= TASK DIRECTIONS =
In the material below, how many lines contain the word "grad"? The reply must be that number alone.

─── EXTRACTED INFORMATION

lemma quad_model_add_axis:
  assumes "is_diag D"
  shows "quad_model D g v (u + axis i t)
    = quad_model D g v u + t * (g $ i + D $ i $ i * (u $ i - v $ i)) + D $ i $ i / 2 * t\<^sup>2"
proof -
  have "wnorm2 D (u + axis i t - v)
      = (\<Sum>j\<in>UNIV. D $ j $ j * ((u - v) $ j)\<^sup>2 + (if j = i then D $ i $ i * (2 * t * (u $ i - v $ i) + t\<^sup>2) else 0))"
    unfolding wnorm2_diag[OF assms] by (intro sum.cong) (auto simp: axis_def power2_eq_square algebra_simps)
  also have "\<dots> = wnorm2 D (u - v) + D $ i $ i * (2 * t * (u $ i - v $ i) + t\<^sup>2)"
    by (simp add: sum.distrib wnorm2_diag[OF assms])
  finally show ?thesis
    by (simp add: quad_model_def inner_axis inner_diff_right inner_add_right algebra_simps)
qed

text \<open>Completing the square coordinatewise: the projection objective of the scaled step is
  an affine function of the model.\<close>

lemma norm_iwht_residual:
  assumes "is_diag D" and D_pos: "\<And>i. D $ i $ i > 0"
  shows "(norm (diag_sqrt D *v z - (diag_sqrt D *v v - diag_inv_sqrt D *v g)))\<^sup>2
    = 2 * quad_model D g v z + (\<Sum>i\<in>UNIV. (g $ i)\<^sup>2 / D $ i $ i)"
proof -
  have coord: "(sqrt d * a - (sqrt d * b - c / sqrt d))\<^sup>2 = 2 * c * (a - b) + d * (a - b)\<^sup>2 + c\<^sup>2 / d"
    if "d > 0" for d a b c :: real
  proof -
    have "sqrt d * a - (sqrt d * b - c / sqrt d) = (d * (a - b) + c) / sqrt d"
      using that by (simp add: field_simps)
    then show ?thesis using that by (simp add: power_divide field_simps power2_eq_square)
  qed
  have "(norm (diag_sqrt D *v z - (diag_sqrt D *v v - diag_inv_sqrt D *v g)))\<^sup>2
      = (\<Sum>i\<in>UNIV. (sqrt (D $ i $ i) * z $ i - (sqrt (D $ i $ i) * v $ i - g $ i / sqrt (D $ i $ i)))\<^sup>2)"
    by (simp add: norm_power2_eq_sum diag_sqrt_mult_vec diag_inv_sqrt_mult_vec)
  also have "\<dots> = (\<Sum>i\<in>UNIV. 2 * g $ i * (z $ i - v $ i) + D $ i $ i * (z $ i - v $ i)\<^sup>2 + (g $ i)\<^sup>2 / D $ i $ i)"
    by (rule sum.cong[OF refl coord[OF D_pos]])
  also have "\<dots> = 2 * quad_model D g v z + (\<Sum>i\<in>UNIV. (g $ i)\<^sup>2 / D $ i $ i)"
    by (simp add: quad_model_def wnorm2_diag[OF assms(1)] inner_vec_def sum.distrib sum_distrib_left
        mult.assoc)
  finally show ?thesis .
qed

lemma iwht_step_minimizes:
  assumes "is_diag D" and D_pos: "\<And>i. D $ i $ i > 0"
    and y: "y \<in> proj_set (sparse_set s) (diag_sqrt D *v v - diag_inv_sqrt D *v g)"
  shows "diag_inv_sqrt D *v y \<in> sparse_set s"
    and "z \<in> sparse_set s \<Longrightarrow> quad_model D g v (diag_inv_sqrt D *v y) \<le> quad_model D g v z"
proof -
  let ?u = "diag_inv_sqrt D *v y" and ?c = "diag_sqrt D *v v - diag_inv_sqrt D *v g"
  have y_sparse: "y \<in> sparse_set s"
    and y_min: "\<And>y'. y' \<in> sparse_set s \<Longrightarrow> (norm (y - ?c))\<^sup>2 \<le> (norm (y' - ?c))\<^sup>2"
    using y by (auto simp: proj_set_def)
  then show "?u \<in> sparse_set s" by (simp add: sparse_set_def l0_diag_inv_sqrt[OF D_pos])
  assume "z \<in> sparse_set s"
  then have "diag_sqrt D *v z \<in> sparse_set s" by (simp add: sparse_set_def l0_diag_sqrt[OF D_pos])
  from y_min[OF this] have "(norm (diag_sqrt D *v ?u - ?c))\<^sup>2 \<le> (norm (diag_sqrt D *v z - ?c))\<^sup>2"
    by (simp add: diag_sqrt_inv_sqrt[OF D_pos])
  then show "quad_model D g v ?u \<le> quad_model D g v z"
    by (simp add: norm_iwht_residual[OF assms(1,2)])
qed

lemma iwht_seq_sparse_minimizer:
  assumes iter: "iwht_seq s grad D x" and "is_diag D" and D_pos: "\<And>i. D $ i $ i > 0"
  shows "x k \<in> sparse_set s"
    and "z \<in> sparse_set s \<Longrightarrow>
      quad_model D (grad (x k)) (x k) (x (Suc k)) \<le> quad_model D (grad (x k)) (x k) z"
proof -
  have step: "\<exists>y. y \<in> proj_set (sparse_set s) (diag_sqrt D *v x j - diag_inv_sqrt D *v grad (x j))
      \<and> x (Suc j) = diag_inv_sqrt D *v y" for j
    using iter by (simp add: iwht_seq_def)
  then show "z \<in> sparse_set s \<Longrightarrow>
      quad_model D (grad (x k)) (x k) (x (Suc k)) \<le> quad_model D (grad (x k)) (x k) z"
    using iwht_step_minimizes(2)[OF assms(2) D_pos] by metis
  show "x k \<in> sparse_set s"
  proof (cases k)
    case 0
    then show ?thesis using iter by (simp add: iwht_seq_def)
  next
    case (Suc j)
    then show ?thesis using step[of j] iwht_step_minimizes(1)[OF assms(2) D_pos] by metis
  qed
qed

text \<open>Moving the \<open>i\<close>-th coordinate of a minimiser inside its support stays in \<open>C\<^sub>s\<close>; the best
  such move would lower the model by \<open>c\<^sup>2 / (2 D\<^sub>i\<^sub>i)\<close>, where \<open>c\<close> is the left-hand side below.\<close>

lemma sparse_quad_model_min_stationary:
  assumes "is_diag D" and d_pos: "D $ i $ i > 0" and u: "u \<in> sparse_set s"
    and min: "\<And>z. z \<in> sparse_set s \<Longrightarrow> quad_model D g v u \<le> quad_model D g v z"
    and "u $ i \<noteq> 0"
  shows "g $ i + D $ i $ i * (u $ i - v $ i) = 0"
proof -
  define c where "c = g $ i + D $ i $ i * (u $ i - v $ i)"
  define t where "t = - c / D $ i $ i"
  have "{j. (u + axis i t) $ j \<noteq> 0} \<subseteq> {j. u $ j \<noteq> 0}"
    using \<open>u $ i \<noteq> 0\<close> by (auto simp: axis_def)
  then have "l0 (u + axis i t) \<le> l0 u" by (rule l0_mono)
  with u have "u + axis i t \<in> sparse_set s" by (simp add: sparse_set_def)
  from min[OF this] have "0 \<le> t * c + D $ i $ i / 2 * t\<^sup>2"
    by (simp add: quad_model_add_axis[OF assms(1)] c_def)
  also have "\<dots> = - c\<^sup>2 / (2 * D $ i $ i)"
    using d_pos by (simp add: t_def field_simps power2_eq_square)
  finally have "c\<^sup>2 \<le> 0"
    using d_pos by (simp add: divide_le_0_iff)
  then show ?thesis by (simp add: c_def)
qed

──────

= TASK SOLUTION =
4